I don’t like failing to solve a puzzle, so when I ended the Inpainting article on a defeat, I had to figure out a way to do it. So I did some research, and delved into features I don’t fully understand. I just knew that there were ways of making the engine use a sketch as a guide to image generation. So where did we leave off? We had an armored guy whose arm just refused to bend to the side and pretend to hold a banner pole. This guy-

Our starting image.

I had a large inpainting mask covering the whole banner and upper corner of the image. This created some fairly random results. So, how do we control the output better? It involves a feature I don’t fully understand called, appropriately enough, a Control Net. By default, the ComfyUI install doesn’t come with any control net modules. I went to the guys who made Stable Diffusion and found two – control_scribble and control_openpose, as each of these might do what I wanted to. I used the large mask image as a guide to where to draw in my crude sketch of a banner in hand. With these, I set up the new workflow. Here’s the section that’s been modified.

Am I contractually obligated to include these?

As the mask had been exported from the previous workflow into an image file, I decided to use an image to mask node to allow me to make easier adjustments to the mask in a friendlier editor (Photoshop). The one setting on the “Convert Image to Mask” node picks which color channel from the image to use as the mask. Since the image is either full black or full white, any channel other than Alpha works, so I left it on ‘Red’. This still feeds the VAE Encode for inpainting node and that latent goes into the sampler.

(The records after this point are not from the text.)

lemma tvs_is_base_translates:
  fixes sc :: "'k::real_normed_field \<Rightarrow> 'a::ab_group_add \<Rightarrow> 'a"
  assumes "tvs sc T" and closure_D: "T closure_of D = UNIV"
    and open_B: "\<And>V. V \<in> B \<Longrightarrow> openin T V"
    and local_base: "\<And>U. openin T U \<Longrightarrow> 0 \<in> U \<Longrightarrow> \<exists>V\<in>B. 0 \<in> V \<and> V \<subseteq> U"
  shows "is_base T ((\<lambda>(d, V). (+) d ` V) ` (D \<times> B))"
  unfolding is_base_def
proof (intro conjI ballI allI impI)
  fix W
  assume "W \<in> (\<lambda>(d, V). (+) d ` V) ` (D \<times> B)"
  then show "openin T W"
    using tvs_openin_translation[OF assms(1)] open_B by auto
next
  fix U x
  assume "openin T U \<and> x \<in> U"
  then obtain W where "openin T W" "0 \<in> W" and W: "\<And>a b. a \<in> W \<Longrightarrow> b \<in> W \<Longrightarrow> x + a - b \<in> U"
    using tvs_difference_nhd[OF assms(1)] by blast
  then obtain V where "V \<in> B" "0 \<in> V" "V \<subseteq> W"
    using local_base by blast
  have "continuous_map T T (\<lambda>y. x + - y)"
    using assms(1)
    by (intro continuous_map_tvs_add[OF assms(1)] continuous_map_tvs_uminus[OF assms(1)]) simp_all
  then have "openin T {y \<in> topspace T. x + - y \<in> V}"
    using openin_continuous_map_preimage open_B \<open>V \<in> B\<close> by metis
  moreover have "x \<in> {y \<in> topspace T. x + - y \<in> V}"
    using \<open>0 \<in> V\<close> assms(1) by simp
  moreover have "x \<in> T closure_of D"
    using closure_D by blast
  ultimately have "\<exists>d. d \<in> D \<and> d \<in> {y \<in> topspace T. x + - y \<in> V}"
    by (meson in_closure_of)
  then obtain d where "d \<in> D" "x + - d \<in> V"
    by blast
  then have "x - d \<in> V"
    by simp
  have "(+) d ` V \<subseteq> U"
  proof
    fix y
    assume "y \<in> (+) d ` V"
    then obtain v where "v \<in> V" "y = d + v"
      by blast
    then show "y \<in> U"
      using W[of v "x - d"] \<open>V \<subseteq> W\<close> \<open>x - d \<in> V\<close> by (auto simp: algebra_simps)
  qed
  moreover have "x \<in> (+) d ` V"
    using \<open>x - d \<in> V\<close> by (force simp: image_iff)
  ultimately show "\<exists>W\<in>(\<lambda>(d, V). (+) d ` V) ` (D \<times> B). x \<in> W \<and> W \<subseteq> U"
    using \<open>d \<in> D\<close> \<open>V \<in> B\<close> by blast
qed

At the top, we have all the new stuff. The Load image should be familiar. Load Control Net Mode is just another basic loader, picking something from the ‘controlnet’ directory to feed the “Apply ControlNet” node. The advanced node has some more options and works on the positive and negative conditioning channels separately, the basic version works on a single conditioning channel, which might require a second node. I stuck with the advanced and put it between the prompts and the sampler. The only option I adjusted was the “strength”, which appears to work like any other weighting option to adjust the influence of the control net. At 1.00, I got a stone wall with my sketch drawn on it as a set of inscribed channels. So most of the time it ranged between 0.5 and 0.7 .

This did not get me what I wanted, as one of the results from the open pose control net got me an audience.

Now we have an audience.

I appreciate that the crowd is wearing a consistent uniform, and going to some lengths to stand on the architecture in some semblance of the pattern of my sketch. But this is not what I wanted. After some rethinking, I remembered the lesson from the outpainting article. The results are more reliable the smaller the area to be changed. As the image had a banner in it already, I drew a new mask which only included the current arm and the area I wanted the arm to move to. And ran through scads of iterations, adjusting settings, even adding more prompt elements. The system stubbornly didn’t want to have the arm held out to the side. It was insistent on keeping the arm down along the side. But finally, I stumbled onto a combination of weights that gave me this:

AI hands are notorious.

That’s a messed up arm, but it’s in the ballpark. So I shrank the mask again to just the region of the new arm and ran the inpainting again. The engine promptly decided to try to move the arm back to the side, even amputating the hand because it stuck outside the mask region. This frustrated me for some time, but I again went back to the lessons learned. It can’t move the arm if we don’t give it the space to change those parts which are good. I started drawing tiny masks, nudging the arm into shape, even drawing one from a prompt of “desert, rocks,” to simply erase some of the excess arm. I ran into the same hesitance to leave the arm on the side when I tried to redraw the hand. The first attempts resulted in the hand vanishing, so that it could move back to the side, outside the inpainting mask. I had to use a prompt of “hand, glove, fist, holding pole” to keep the hand in place, though the first iteration was a bit off, giving him three fingers and a fat thumb. At little more tweaking, and he had all his fingers back, but still a fat thumb.

Finally! …wait

Sure this means the flag is slightly small, but he has a hand within margins of error. But I’ve noticed a problem. For whatever reason, all the inpaint runs darkened the main image and made it blurry. I’m not sure why there’s anything being done to those pixels. But I want to clean it up. I could merge the two in photoshop, but I already have everything I need in ComfyUI, so I’m going to do something that may sound odd, but is perfectly valid. I’m going to disconnect the latent feed from the sampler. Without the latent, the sampler won’t run. I’m going to pull in another image loader, and then feed a new node.

No resampling

In the middle there is an “ImageCompositeMasked” node. I couldn’t find any good documentation on this, but made some educated guesses. Since both the source and destination are the same size, I didn’t need to turn on resizing for the source. The mask I used was the second inpainting mask I created that covered the original and intended arm position. So the only question was which image was supposed to be the source and which was the destination. Based upon the behavior of other nodes, the source is what gets placed inside the masked area, and the destination is the background it gets placed over. So the original, brighter image is the destination, and the faded, inpainted image is the source. I didn’t bother to feed the image output to any of the more sophisticated nodes, just a preview node from which I could save the result if I liked it.

After all that work, here is the result:

Finally?

I’m going to claim success.

It’s about time.

We’ve now finished a review of the basic user experience…

… the basic…

… basic …

… …

Dammit.